Contingency: If overlapping hit areas cause mis-tap regressions in specific screens, allow the touch target wrapper to accept an explicit hitAreaSize parameter that can be reduced below 44 pt only in contexts where the interactive-control-spacing-system guarantees sufficient gap, with a mandatory code review flag for any such override.
The contrast-safe-color-palette must guarantee WCAG AA ratios for both light and dark mode token sets. Dark mode color derivation is non-trivial — simply inverting a light palette often produces pairs that pass in one mode but fail in the other, and the token manifest must encode both sets explicitly.
Mitigation & Contingency
Mitigation: Define both light and dark token sets explicitly in the accessibility-token-manifest rather than deriving one from the other programmatically.
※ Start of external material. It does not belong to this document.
(* Let ${\mathcal M}$ be a $q$-matroid on $\mathbb{F}_q^n$ of rank $r\ge1$, and let $F_1,\dots,F_t$ be its bases listed in increasing order with respect to $\prec_q^r$. Order the facets of the order complex $I_{{\mathcal M}}$ by $\prec_\ell$ and let $\mathcal{R}$ be the associated restriction operator. Then there exists a facet $A$ of $I_{{\mathcal M}}$ with $\mathcal{R}(A)=A$ if and only if there exist indices $1\le i<j\le t$ such that $\dim_{\mathbb{F}_q}(F_i\cap F_j)=r-1$ and $\min(F_j\setminus\{0\})\notin F_i$, where the minimum is taken with respect to $\prec$.
   Context: A $q$-matroid is a pair $(E,\rho)$, $E=\mathbb{F}_q^n$, with $\rho$ from subspaces to $\mathbb{Z}_{\ge0}$ satisfying $0\le\rho(X)\le\dim X$, monotonicity, and $\rho(X+Y)+\rho(X\cap Y)\le\rho(X)+\rho(Y)$; rank $=\rho(E)$; $U$ is independent if $\rho(U)=\dim U$; bases are maximal independent subspaces (all of dimension $r$). Fix a total order $\prec$ on $\mathbb{F}_q$ with $0\prec1\prec\alpha$ for all $\alpha\ne0,1$, extended lexicographically to $\mathbb{F}_q^n$ and to tuples in $(\mathbb{F}_q^n)^k$. For a $k$-dimensional subspace $U$ with reduced row echelon generator matrix having rows $u_k,u_{k-1},\dots,u_1$ from top to bottom, its reduced generator is $(u_1,\dots,u_k)$; the order $\prec_q^k$ on $k$-dimensional subspaces is the lexicographic order of reduced generators. The order complex $I_{{\mathcal M}}$ is the simplicial complex whose vertices are the nonzero independent subspaces and whose faces are chains of them; its facets are the chains $A=(A_1\subsetneq\cdots\subsetneq A_r)$ of independent subspaces with $\dim A_m=m$. For two such facets $U,V$, $U\prec_\ell V$ iff, for the largest index $e$ with $U_e\ne V_e$, one has $U_e\prec_q^e V_e$; this linear order of facets is a shelling of $I_{{\mathcal M}}$. For a facet $A$, $\mathcal{R}(A)$ is the set of vertices $A_m$ of $A$ such that $A\setminus\{A_m\}$ is a face of some facet preceding $A$ in the order $\prec_\ell$. *)

theory Defs
  imports "HOL-Analysis.Cartesian_Space"
begin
Run the contrast-ratio-validator against both sets as part of the token manifest generation process and include both in the CI lint runner's validation scope.
Contingency: If time pressure forces a dark mode deferral, ship with light mode only and add a prominent in-app notice. Gate dark mode colour tokens behind a feature flag until the full dual-palette validation is complete.